--- Provided data Enclosed Below ---

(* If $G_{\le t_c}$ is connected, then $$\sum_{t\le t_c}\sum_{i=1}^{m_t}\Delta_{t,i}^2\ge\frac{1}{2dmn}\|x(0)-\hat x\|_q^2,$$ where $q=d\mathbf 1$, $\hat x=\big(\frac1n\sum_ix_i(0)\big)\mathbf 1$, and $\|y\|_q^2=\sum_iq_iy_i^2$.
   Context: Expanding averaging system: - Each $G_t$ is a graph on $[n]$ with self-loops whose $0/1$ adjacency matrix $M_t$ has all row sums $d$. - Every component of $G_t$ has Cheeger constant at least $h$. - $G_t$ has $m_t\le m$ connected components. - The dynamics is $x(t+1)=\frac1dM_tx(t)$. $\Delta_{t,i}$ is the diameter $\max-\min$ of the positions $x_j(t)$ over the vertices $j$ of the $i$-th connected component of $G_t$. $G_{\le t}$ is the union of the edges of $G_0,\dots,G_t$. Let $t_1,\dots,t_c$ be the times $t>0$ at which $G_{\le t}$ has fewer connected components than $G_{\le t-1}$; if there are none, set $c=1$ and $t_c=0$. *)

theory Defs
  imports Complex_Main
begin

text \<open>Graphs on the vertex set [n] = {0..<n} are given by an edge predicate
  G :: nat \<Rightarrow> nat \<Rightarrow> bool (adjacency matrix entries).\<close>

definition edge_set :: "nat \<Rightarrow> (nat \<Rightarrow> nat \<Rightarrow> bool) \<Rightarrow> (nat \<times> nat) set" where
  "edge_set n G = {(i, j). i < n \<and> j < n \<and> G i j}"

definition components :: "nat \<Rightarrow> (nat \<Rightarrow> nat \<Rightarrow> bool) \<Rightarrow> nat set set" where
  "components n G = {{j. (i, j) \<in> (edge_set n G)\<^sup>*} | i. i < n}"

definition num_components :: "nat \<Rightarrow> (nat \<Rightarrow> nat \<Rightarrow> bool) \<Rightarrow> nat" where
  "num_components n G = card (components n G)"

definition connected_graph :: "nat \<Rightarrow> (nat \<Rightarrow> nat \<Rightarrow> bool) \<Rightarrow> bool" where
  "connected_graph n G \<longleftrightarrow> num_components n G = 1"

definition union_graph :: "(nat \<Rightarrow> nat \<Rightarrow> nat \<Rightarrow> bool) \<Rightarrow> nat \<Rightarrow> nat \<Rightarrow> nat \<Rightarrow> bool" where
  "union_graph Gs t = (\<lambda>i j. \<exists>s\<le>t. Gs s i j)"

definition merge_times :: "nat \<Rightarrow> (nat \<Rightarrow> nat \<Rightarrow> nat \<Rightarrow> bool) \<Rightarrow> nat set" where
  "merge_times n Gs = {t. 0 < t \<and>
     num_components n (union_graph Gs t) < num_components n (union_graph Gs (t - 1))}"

--- End of Enclosed Provided data ---
--- Provided data Enclosed Below ---

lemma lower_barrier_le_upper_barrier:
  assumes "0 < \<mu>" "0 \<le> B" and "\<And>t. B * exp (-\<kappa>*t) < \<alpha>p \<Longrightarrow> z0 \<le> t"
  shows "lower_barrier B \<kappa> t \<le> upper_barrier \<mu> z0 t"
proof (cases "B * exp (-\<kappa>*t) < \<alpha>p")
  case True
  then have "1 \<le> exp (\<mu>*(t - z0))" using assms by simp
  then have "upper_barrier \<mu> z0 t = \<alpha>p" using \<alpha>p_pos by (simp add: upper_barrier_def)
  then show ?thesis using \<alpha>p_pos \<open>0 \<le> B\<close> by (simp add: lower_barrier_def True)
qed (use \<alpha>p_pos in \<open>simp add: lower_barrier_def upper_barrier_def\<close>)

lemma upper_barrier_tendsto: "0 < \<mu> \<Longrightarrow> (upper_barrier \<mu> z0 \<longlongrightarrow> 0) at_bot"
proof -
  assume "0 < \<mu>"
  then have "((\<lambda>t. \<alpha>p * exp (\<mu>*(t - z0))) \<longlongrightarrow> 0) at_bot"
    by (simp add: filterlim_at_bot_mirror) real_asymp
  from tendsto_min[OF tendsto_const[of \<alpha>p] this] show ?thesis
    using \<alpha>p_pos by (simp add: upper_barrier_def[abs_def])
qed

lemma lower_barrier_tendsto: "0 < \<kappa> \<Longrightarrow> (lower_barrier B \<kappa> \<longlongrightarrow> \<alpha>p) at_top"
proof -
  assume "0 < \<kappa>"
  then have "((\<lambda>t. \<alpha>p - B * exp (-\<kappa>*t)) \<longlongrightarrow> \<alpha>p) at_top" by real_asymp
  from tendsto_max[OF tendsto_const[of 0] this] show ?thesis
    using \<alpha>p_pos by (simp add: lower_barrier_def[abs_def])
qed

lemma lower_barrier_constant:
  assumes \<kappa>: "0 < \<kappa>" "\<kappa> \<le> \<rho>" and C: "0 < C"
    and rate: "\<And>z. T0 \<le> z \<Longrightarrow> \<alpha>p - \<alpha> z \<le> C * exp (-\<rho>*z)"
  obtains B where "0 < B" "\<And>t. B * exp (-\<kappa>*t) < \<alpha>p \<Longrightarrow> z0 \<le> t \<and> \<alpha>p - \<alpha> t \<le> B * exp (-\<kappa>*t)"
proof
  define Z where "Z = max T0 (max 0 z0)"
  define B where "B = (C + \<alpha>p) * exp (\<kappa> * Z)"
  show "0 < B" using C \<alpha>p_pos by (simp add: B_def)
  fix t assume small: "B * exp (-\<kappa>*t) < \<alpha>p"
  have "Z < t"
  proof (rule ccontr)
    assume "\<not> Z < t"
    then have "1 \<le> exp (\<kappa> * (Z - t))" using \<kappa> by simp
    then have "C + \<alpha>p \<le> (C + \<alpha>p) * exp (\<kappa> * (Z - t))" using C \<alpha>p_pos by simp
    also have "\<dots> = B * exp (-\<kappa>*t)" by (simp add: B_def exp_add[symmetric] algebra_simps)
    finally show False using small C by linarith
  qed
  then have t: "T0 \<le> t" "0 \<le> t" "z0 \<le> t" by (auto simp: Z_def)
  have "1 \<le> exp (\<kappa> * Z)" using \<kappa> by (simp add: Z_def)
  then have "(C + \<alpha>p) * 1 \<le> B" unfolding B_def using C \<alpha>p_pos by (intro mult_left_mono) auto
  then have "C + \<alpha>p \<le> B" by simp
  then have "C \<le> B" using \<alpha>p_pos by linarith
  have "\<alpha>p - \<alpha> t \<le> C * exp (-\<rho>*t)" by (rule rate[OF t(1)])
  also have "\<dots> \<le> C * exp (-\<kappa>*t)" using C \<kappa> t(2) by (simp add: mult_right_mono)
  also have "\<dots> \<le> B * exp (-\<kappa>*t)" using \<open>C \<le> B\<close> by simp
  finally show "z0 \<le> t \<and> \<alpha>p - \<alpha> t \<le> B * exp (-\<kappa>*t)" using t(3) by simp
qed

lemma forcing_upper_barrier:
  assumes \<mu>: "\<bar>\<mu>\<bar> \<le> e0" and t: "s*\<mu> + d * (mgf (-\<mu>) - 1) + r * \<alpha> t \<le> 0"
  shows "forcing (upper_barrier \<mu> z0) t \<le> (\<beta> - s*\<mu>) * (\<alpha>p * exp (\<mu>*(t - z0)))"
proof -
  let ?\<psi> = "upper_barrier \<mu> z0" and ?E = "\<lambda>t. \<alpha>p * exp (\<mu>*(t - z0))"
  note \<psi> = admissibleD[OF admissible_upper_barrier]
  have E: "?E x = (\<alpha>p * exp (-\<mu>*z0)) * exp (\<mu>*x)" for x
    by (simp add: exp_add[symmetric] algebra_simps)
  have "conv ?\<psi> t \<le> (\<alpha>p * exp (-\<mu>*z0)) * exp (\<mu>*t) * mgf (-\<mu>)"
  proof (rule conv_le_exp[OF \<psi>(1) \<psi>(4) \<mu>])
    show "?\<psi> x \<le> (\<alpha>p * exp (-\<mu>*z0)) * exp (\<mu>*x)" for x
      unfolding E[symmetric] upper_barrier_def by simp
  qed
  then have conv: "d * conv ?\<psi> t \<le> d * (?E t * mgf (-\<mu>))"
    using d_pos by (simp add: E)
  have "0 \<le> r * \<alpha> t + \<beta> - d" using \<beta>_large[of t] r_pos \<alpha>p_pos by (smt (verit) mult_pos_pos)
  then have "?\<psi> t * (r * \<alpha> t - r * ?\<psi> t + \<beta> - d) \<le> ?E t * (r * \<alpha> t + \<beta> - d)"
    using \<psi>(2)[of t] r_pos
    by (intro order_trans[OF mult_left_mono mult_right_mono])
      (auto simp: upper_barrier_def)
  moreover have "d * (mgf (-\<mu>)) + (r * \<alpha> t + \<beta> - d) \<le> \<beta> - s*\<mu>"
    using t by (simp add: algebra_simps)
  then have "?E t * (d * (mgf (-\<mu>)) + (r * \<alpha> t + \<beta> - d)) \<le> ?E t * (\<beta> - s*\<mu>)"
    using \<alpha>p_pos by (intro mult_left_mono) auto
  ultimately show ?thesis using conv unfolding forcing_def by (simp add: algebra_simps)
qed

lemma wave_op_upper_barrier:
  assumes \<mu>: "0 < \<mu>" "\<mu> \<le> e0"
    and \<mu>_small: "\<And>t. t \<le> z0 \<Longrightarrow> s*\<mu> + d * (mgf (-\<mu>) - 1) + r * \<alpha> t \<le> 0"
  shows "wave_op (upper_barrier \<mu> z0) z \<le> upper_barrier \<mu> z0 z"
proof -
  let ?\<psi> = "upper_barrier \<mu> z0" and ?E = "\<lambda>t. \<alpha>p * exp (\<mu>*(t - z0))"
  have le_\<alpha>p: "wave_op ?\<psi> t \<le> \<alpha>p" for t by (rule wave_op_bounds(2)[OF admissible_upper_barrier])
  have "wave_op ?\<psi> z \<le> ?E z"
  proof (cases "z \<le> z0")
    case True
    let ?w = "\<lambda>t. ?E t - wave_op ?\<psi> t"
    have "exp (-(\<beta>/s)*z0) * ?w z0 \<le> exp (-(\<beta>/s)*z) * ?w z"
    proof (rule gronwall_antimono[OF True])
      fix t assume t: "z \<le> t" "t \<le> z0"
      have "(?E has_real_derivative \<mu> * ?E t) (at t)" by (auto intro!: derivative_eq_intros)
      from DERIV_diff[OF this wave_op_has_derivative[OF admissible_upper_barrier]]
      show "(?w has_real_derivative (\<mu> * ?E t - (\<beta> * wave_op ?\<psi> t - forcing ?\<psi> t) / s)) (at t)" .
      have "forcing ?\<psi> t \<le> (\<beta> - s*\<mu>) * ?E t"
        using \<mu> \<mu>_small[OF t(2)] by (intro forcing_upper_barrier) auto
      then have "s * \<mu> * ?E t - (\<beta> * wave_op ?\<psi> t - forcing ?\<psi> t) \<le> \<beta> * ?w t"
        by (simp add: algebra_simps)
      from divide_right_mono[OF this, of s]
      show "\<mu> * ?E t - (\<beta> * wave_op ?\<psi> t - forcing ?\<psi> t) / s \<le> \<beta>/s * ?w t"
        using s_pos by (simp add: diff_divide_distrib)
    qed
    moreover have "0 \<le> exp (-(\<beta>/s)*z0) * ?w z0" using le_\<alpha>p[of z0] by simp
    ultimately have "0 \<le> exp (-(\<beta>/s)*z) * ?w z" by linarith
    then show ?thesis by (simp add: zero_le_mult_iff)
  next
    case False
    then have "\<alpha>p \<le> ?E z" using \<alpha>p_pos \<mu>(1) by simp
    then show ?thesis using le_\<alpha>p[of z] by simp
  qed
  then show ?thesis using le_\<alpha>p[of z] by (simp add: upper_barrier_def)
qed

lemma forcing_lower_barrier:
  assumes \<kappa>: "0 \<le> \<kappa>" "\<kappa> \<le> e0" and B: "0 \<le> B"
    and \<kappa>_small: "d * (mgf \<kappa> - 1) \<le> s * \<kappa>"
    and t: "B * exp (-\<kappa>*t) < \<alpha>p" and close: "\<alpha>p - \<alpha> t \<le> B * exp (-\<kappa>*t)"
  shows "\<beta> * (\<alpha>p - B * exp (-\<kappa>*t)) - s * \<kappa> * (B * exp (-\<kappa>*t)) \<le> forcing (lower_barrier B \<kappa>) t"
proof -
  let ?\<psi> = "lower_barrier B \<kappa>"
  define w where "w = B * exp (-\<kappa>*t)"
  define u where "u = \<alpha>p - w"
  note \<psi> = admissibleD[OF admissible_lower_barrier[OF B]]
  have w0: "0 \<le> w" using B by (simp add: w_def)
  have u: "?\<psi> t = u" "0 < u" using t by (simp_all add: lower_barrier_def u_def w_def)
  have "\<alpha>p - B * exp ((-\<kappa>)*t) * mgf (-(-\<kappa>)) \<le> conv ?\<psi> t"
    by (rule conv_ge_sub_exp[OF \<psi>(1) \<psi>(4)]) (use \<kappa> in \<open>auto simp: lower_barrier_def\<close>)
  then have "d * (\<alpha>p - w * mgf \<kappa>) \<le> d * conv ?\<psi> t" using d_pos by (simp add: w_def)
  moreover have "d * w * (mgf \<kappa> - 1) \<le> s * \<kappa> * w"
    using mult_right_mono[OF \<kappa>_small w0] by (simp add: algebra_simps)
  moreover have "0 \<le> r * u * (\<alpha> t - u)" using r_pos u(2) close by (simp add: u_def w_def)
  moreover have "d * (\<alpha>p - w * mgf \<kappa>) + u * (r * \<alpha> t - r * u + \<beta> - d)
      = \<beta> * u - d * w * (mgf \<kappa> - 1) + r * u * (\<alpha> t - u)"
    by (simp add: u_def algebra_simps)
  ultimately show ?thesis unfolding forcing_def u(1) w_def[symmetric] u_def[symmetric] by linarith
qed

--- End of Enclosed Provided data ---

**Your assignment:**
Taking the entries above, restate exactly those lines that fall between the line with "(rule rate[OF t(1)])" and the line with "x = (\<alpha>p", keeping both of those lines too.

**Result for this exercise:**
  have "\<alpha>p - \<alpha> t \<le> C * exp (-\<rho>*t)" by (rule rate[OF t(1)])
  also have "\<dots> \<le> C * exp (-\<kappa>*t)" using C \<kappa> t(2) by (simp add: mult_right_mono)
  also have "\<dots> \<le> B * exp (-\<kappa>*t)" using \<open>C \<le> B\<close> by simp
  finally show "z0 \<le> t \<and> \<alpha>p - \<alpha> t \<le> B * exp (-\<kappa>*t)" using t(3) by simp
qed

lemma forcing_upper_barrier:
  assumes \<mu>: "\<bar>\<mu>\<bar> \<le> e0" and t: "s*\<mu> + d * (mgf (-\<mu>) - 1) + r * \<alpha> t \<le> 0"
  shows "forcing (upper_barrier \<mu> z0) t \<le> (\<beta> - s*\<mu>) * (\<alpha>p * exp (\<mu>*(t - z0)))"
proof -
  let ?\<psi> = "upper_barrier \<mu> z0" and ?E = "\<lambda>t. \<alpha>p * exp (\<mu>*(t - z0))"
  note \<psi> = admissibleD[OF admissible_upper_barrier]
  have E: "?E x = (\<alpha>p * exp (-\<mu>*z0)) * exp (\<mu>*x)" for x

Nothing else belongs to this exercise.